Lawton M. (Mac) Nease III
MBA, 1968; Ph.D., 1976
Mac Nease can still hear his mother’s words echoing in his ears: “You should excel — you don’t have anything else to do.” Though she spoke those words when Mac was in grade school, he has carried them with him through the years. By any standards, Mac has excelled.
He is now president of Nease, Lagana, Eden & Culley, Inc., an insurance firm that focuses on complex estate planning and executive benefits. Mac holds an undergraduate degree from Georgia Institute of Technology and an MBA and Ph.D. from Georgia State University, and has been a part-time instructor for graduate students at the J. Mack Robinson College of Business. He and his wife, Brenda, have endowed professorships and funded student scholarships at several educational institutions. Yes, Mac Nease has done well. However, there was a time when he easily might have chosen a different path.
Mac was born and raised in Guyton, Georgia, a town of 800 people, 30 miles outside of Savannah. His parents met in the first grade, and his dad ran a service station and tire business founded by Mac’s grandfather. At the tire shop, Mac learned the fundamentals of hard work, and he enjoyed it. “We opened at seven in the morning, and we closed at seven at night. We were open six days a week, and we always were closed on Sunday,” Mac remembers.
By the time Mac graduated from high school, he would have been perfectly happy to stay in Guyton and take over the family business. He had already met his future bride, Brenda — they started dating in the ninth grade — so there was no compelling reason to leave. “I didn’t want to go to college. I just went because my mother said, ‘You’re going,'” Mac said. “I didn’t have any more vision than that.”
All the same, Mac headed off to Georgia Tech. He didn’t know what he wanted to study, but after the first few classes, he knew he wasn’t interested in the engineering curriculum and settled on an industrial management major. Despite the grueling class and lab schedule, Mac managed to have some fun. A self-described baseball junkie, Mac played for his college team. “It was obvious fairly early that I needed to study more and play less,” he said.
After graduation, most of Mac’s contemporaries from Georgia Tech went on to pursue jobs in engineering, banking or high-tech companies. Mac had a couple of scholarships to MBA programs in other parts of the country, but he still couldn’t visualize what he would do with another degree. And repaying $15,000 to $20,000 in student loans — especially since starting salaries for Georgia Tech graduates were about $7,000 a year — didn’t strike him as a good decision.

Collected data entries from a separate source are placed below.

(* Let $G^\sigma$ be an oriented graph whose underlying graph $G$ is a simple connected graph with $n$ vertices and $m$ edges. Then $$sr(G^\sigma)-\alpha(G)\geqslant 4n-2m-3\sqrt{n(n-1)-2m+\tfrac{1}{4}}-\tfrac{7}{2},$$ with equality if and only if $G\cong S_n$ or $G\cong C_3$.
   Context: An oriented graph $G^\sigma$ is obtained from a simple graph $G$ by assigning a direction to each edge. Its skew-adjacency matrix $S(G^\sigma)=[s_{x,y}]$ has $s_{x,y}=1$ if there is an arc from $x$ to $y$, $s_{x,y}=-1$ if there is an arc from $y$ to $x$, and $0$ otherwise; the skew-rank $sr(G^\sigma)$ is the rank of $S(G^\sigma)$. $\alpha(G)$ is the independence number of $G$. $S_n$ denotes the star on $n$ vertices (the single vertex when $n=1$) and $C_3$ the triangle. *)

theory Defs
  imports "HOL-Analysis.Analysis"
begin

text \<open>An oriented graph on the finite vertex type 'n (all of UNIV are vertices),
  given by its set of arcs A: no loops and no pair of opposite arcs.\<close>
definition oriented_graph :: "('n \<times> 'n) set \<Rightarrow> bool" where
  "oriented_graph A \<longleftrightarrow> (\<forall>x. (x, x) \<notin> A) \<and> (\<forall>x y. (x, y) \<in> A \<longrightarrow> (y, x) \<notin> A)"

definition und_adj :: "('n \<times> 'n) set \<Rightarrow> 'n \<Rightarrow> 'n \<Rightarrow> bool" where
  "und_adj A x y \<longleftrightarrow> (x, y) \<in> A \<or> (y, x) \<in> A"

definition num_edges :: "('n::finite \<times> 'n) set \<Rightarrow> nat" where
  "num_edges A = card {e. \<exists>x y. e = {x, y} \<and> und_adj A x y}"

definition skew_adj :: "('n::finite \<times> 'n) set \<Rightarrow> real^'n^'n" where
  "skew_adj A = (\<chi> x y. if (x, y) \<in> A then 1 else if (y, x) \<in> A then -1 else 0)"

definition skew_rank :: "('n::finite \<times> 'n) set \<Rightarrow> nat" where
  "skew_rank A = rank (skew_adj A)"

definition connected_graph :: "('n \<Rightarrow> 'n \<Rightarrow> bool) \<Rightarrow> bool" where
  "connected_graph E \<longleftrightarrow> (\<forall>x y. E\<^sup>*\<^sup>* x y)"

definition independent_set :: "('n \<Rightarrow> 'n \<Rightarrow> bool) \<Rightarrow> 'n set \<Rightarrow> bool" where
  "independent_set E I \<longleftrightarrow> (\<forall>x\<in>I. \<forall>y\<in>I. \<not> E x y)"

definition independence_number :: "('n::finite \<Rightarrow> 'n \<Rightarrow> bool) \<Rightarrow> nat" where
  "independence_number E = Max (card ` {I. independent_set E I})"

definition graph_iso :: "'a set \<Rightarrow> ('a \<Rightarrow> 'a \<Rightarrow> bool) \<Rightarrow> 'b set \<Rightarrow> ('b \<Rightarrow> 'b \<Rightarrow> bool) \<Rightarrow> bool" where
  "graph_iso V E W F \<longleftrightarrow> (\<exists>f. bij_betw f V W \<and> (\<forall>x\<in>V. \<forall>y\<in>V. E x y \<longleftrightarrow> F (f x) (f y)))"

text \<open>Star S_k on vertices {0..<k} with centre 0 (single vertex when k = 1).\<close>
definition star_adj :: "nat \<Rightarrow> nat \<Rightarrow> bool" where
  "star_adj i j \<longleftrightarrow> i \<noteq> j \<and> (i = 0 \<or> j = 0)"

text \<open>Triangle C_3 on vertices {0,1,2}.\<close>
definition tri_adj :: "nat \<Rightarrow> nat \<Rightarrow> bool" where
  "tri_adj i j \<longleftrightarrow> i \<noteq> j"

end

theory Submission
  imports Defs
begin

text \<open>Lower bound: grow a BFS tree from a root and order the vertices by distance. Charging
  each non-tree edge to its later end shows that at most \<open>m - n + 1\<close> vertices have an
  earlier neighbour besides their parent. On the remaining vertices the
  graph is a forest, and peeling pendant vertices greedily yields an independent set \<open>I\<close>
  and a nonsingular principal submatrix on \<open>W\<close> with \<open>2 (n - (m - n + 1)) \<le> |W| + 2 |I|\<close>,
  i.e. \<open>4n \<le> sr + 2\<alpha> + 2m + 2\<close>. Since no edge lies inside a maximum independent set,
  \<open>m + \<alpha>(\<alpha> - 1)/2 \<le> n(n - 1)/2\<close>, i.e. \<open>\<alpha> - 1/2 \<le> \<surd>(n(n - 1) - 2m + 1/4)\<close>; the two bounds
  combine to the inequality. Equality forces both to be tight, which makes the graph a
  complete split graph whose rank equation only admits the star and the triangle.\<close>

definition principal_submatrix_nonsingular :: "real^'n^'n \<Rightarrow> 'n set \<Rightarrow> bool" where
  "principal_submatrix_nonsingular M W \<longleftrightarrow>
     (\<forall>c. (\<forall>x\<in>W. (\<Sum>w\<in>W. c w * M$w$x) = 0) \<longrightarrow> (\<forall>w\<in>W. c w = 0))"

lemma principal_submatrix_nonsingular_empty: "principal_submatrix_nonsingular M {}"
  by (simp add: principal_submatrix_nonsingular_def)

That’s when one of his fraternity brothers introduced him to the life insurance business. His friend convinced Mac that selling life insurance was a great way to work his way through graduate school because he could set his own hours. And so, Mac and his wife, Brenda, decided to stay in Atlanta. At 21 years old, he began selling life insurance during the day while pursuing his MBA from Georgia State at night. At the time, Mac could not have anticipated the implications of his decision: “Selling life insurance wasn’t a career choice. I never started in the insurance business with any idea of staying in the insurance business,” Mac said.
While at Georgia State, Mac met Dr. Kenneth Black, Jr., chair of the Department of Risk Management and Insurance (and later the dean of the Robinson College of Business.) “He was a great mentor for me,” said Mac. “So many students at Georgia State at that time were night students, had jobs in the daytime, had career paths planned out.” Mac, on the other hand, had no specific plans and was entirely unsure of the direction in which he wished to go.
Black took an interest in Mac and ultimately persuaded him to go into the RMI Ph.D. program directly after he finished his MBA. Because it made financial sense, Mac decided to stick out his life insurance job for another three years while he completed the coursework for his Ph.D. Then he would take a job as a professor of insurance while he wrote his dissertation. “I liked life insurance. I liked studying life insurance; I liked learning about how it was applied professionally in business situations. I just didn’t like to sell it,” Mac said.
Upon completing his coursework, though, Mac again chose to stick with selling life insurance. His client base in Atlanta had grown considerably over the previous five years, and it made good financial sense. It took him four years to finish his dissertation, which meant that he had 10 years under his belt as a life insurance salesman. While those 10 years were full of hard work and long hours and were not particularly fun for Mac, “somewhere in that process I began to like the insurance business.”
With his Ph.D. in hand, Mac interviewed for faculty positions around the country. However, much to his surprise, he “then decided to keep doing what I was doing. And 45 years later, I’m still doing what I was doing,” he laughed from his sunlit corner office at NLEC.
Mac did return to Georgia State as a part-time professor and to this day remains connected to his alma mater. “I think Georgia State is an enormous asset to the Atlanta business community,” Mac said. “There’s just so much synergy between people in this town who did the same thing. Maybe they didn’t go to the same undergraduate school, but they went through the same graduate program at Georgia State. When I taught at Georgia State, I taught a lot of the people that are now advisors in the community.”
Thinking about retirement, Mac is once again not entirely sure what his plans are, but he doesn’t feel pressured to make a decision at this point in his life. “I worked so hard to build this business to where it is, and I love doing what I do so much, I can’t imagine not doing it,” Mac said.
Besides, the longer he works, the longer he’ll be able to give back financially in ways that are meaningful to him. “What are you going to do with your money when you get old? Are you going to sit around one day and count it? Or can you do something with it that you feel good about doing?” he said.
As if tipping a hat to the young Mac Nease who only wanted to play baseball and run the family business, Mac and his wife, Brenda, have established need-based scholarships at a number of institutions to help other young people find their paths. “My passion really has always been education because it was a life-changing experience for me,” said Mac.
He shared the story of a young girl who, long after Mac began his journey as a businessman, grew up three blocks behind his boyhood home in Guyton. A scholarship funded by the Neases helped her pursue higher education, and she is now working on her Ph.D. in Tokyo. Mac smiled and said: “She’s working hard to achieve her goals, and it feels good to have been able to help her along the way.”